(* Fix an instance of the data in the context and a cycle basis of the network graph $(\mathcal B,\mathcal L)$. For each cycle $C$ of the basis, with buses labeled $1,\dots,n$ in cyclic order ($n=|C|$) and oriented edges $(1,2),\dots,(n-1,n),(n,1)$, impose: (i) if $n=3$: $s_{12}c_{33}+c_{23}s_{31}+s_{23}c_{31}=0$ and $c_{12}c_{33}-c_{23}c_{31}+s_{23}s_{31}=0$; (ii) if $n\ge4$: introduce auxiliary real variables $\tilde c_{1,i},\tilde s_{1,i}$ for $i=3,\dots,n-1$, set $\tilde c_{12}=c_{12}$, $\tilde s_{12}=s_{12}$, $\tilde c_{1n}=c_{1n}$, $\tilde s_{1n}=s_{1n}$, and impose for $i=2,\dots,n-1$: $\tilde s_{1,i}c_{i+1,i+1}+s_{i,i+1}\tilde c_{1,i+1}-\tilde s_{1,i+1}c_{i,i+1}=0$ and $\tilde c_{1,i}c_{i+1,i+1}-c_{i,i+1}\tilde c_{1,i+1}-\tilde s_{1,i+1}s_{i,i+1}=0$; for $i=2,\dots,n-1$: $\tilde c_{1,i}^2+\tilde s_{1,i}^2=c_{11}c_{ii}$; and $c_{ij}^2+s_{ij}^2=c_{ii}c_{jj}$ for every edge $(i,j)$ of $C$. Then: (a) (validity) for every feasible point $(p^g,q^g,c,s,\theta)$ of the OPF formulation in the context, there exist values of the auxiliary variables such that all the constraints (i)–(ii) hold for every cycle of the basis; and (b) every $(p^g,q^g,c,s)$ satisfying (ALT), the coupling equalities $c_{ij}^2+s_{ij}^2=c_{ii}c_{jj}$ for all lines, and constraints (i)–(ii) (for some values of the auxiliary variables) satisfies, for each cycle $C$ in the basis, $\sum_{(i,j)\in C}\operatorname{atan2}(s_{ij},c_{ij})=2\pi k$ for some integer $k$ (sum over the oriented edges of $C$).
   Context: Data: finite bus set $\mathcal B$, line set $\mathcal L$ (unordered pairs of distinct buses; variables $c_{ij},s_{ij}$ for both orientations of each line), $\delta(i)$ the neighbors of $i$, generator set $\mathcal G\subseteq\mathcal B$, reals $G_{ij},B_{ij}$ (lines), $G_{ii},B_{ii}$ (buses), demands $p_i^d,q_i^d$, voltage bounds $0<\underline V_i\le\overline V_i$, generator bounds $p_i^{\min}\le p_i^{\max}$, $q_i^{\min}\le q_i^{\max}$ ($i\in\mathcal G$). Variables $p_i^g,q_i^g$ for $i\in\mathcal G$, with $p_i^g=q_i^g=0$ for $i\notin\mathcal G$. (ALT): $p_i^g-p_i^d=G_{ii}c_{ii}+\sum_{j\in\delta(i)}(G_{ij}c_{ij}-B_{ij}s_{ij})$, $q_i^g-q_i^d=-B_{ii}c_{ii}+\sum_{j\in\delta(i)}(-B_{ij}c_{ij}-G_{ij}s_{ij})$, $\underline V_i^2\le c_{ii}\le\overline V_i^2$ ($i\in\mathcal B$); $c_{ij}=c_{ji}$, $s_{ij}=-s_{ji}$ (lines); $p_i^{\min}\le p_i^g\le p_i^{\max}$, $q_i^{\min}\le q_i^g\le q_i^{\max}$ ($i\in\mathcal G$). OPF formulation: variables $(p^g,q^g,c,s,\theta)$ with $\theta\in\mathbb R^{\mathcal B}$ satisfying (ALT), $c_{ij}^2+s_{ij}^2=c_{ii}c_{jj}$ and $\theta_j-\theta_i=\operatorname{atan2}(s_{ij},c_{ij})$ for every line $(i,j)$ (one fixed orientation per line suffices by symmetry). Here $\operatorname{atan2}(y,x)\in(-\pi,\pi]$ is the angle of the point $(x,y)\neq(0,0)$. A cycle basis is a basis of the cycle space of the graph consisting of cycles. *)

theory Defs
  imports "HOL-Analysis.Analysis"
begin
···
#### PROBLEM:
All records must be transcribed exactly, with none left out.

#### COMPLETED TASK:
(* Fix an instance of the data in the context and a cycle basis of the network graph $(\mathcal B,\mathcal L)$. For each cycle $C$ of the basis, with buses labeled $1,\dots,n$ in cyclic order ($n=|C|$) and oriented edges $(1,2),\dots,(n-1,n),(n,1)$, impose: (i) if $n=3$: $s_{12}c_{33}+c_{23}s_{31}+s_{23}c_{31}=0$ and $c_{12}c_{33}-c_{23}c_{31}+s_{23}s_{31}=0$; (ii) if $n\ge4$: introduce auxiliary real variables $\tilde c_{1,i},\tilde s_{1,i}$ for $i=3,\dots,n-1$, set $\tilde c_{12}=c_{12}$, $\tilde s_{12}=s_{12}$, $\tilde c_{1n}=c_{1n}$, $\tilde s_{1n}=s_{1n}$, and impose for $i=2,\dots,n-1$: $\tilde s_{1,i}c_{i+1,i+1}+s_{i,i+1}\tilde c_{1,i+1}-\tilde s_{1,i+1}c_{i,i+1}=0$ and $\tilde c_{1,i}c_{i+1,i+1}-c_{i,i+1}\tilde c_{1,i+1}-\tilde s_{1,i+1}s_{i,i+1}=0$; for $i=2,\dots,n-1$: $\tilde c_{1,i}^2+\tilde s_{1,i}^2=c_{11}c_{ii}$; and $c_{ij}^2+s_{ij}^2=c_{ii}c_{jj}$ for every edge $(i,j)$ of $C$. Then: (a) (validity) for every feasible point $(p^g,q^g,c,s,\theta)$ of the OPF formulation in the context, there exist values of the auxiliary variables such that all the constraints (i)–(ii) hold for every cycle of the basis; and (b) every $(p^g,q^g,c,s)$ satisfying (ALT), the coupling equalities $c_{ij}^2+s_{ij}^2=c_{ii}c_{jj}$ for all lines, and constraints (i)–(ii) (for some values of the auxiliary variables) satisfies, for each cycle $C$ in the basis, $\sum_{(i,j)\in C}\operatorname{atan2}(s_{ij},c_{ij})=2\pi k$ for some integer $k$ (sum over the oriented edges of $C$).
   Context: Data: finite bus set $\mathcal B$, line set $\mathcal L$ (unordered pairs of distinct buses; variables $c_{ij},s_{ij}$ for both orientations of each line), $\delta(i)$ the neighbors of $i$, generator set $\mathcal G\subseteq\mathcal B$, reals $G_{ij},B_{ij}$ (lines), $G_{ii},B_{ii}$ (buses), demands $p_i^d,q_i^d$, voltage bounds $0<\underline V_i\le\overline V_i$, generator bounds $p_i^{\min}\le p_i^{\max}$, $q_i^{\min}\le q_i^{\max}$ ($i\in\mathcal G$). Variables $p_i^g,q_i^g$ for $i\in\mathcal G$, with $p_i^g=q_i^g=0$ for $i\notin\mathcal G$. (ALT): $p_i^g-p_i^d=G_{ii}c_{ii}+\sum_{j\in\delta(i)}(G_{ij}c_{ij}-B_{ij}s_{ij})$, $q_i^g-q_i^d=-B_{ii}c_{ii}+\sum_{j\in\delta(i)}(-B_{ij}c_{ij}-G_{ij}s_{ij})$, $\underline V_i^2\le c_{ii}\le\overline V_i^2$ ($i\in\mathcal B$); $c_{ij}=c_{ji}$, $s_{ij}=-s_{ji}$ (lines); $p_i^{\min}\le p_i^g\le p_i^{\max}$, $q_i^{\min}\le q_i^g\le q_i^{\max}$ ($i\in\mathcal G$). OPF formulation: variables $(p^g,q^g,c,s,\theta)$ with $\theta\in\mathbb R^{\mathcal B}$ satisfying (ALT), $c_{ij}^2+s_{ij}^2=c_{ii}c_{jj}$ and $\theta_j-\theta_i=\operatorname{atan2}(s_{ij},c_{ij})$ for every line $(i,j)$ (one fixed orientation per line suffices by symmetry). Here $\operatorname{atan2}(y,x)\in(-\pi,\pi]$ is the angle of the point $(x,y)\neq(0,0)$. A cycle basis is a basis of the cycle space of the graph consisting of cycles. *)

theory Defs
  imports "HOL-Analysis.Analysis"
begin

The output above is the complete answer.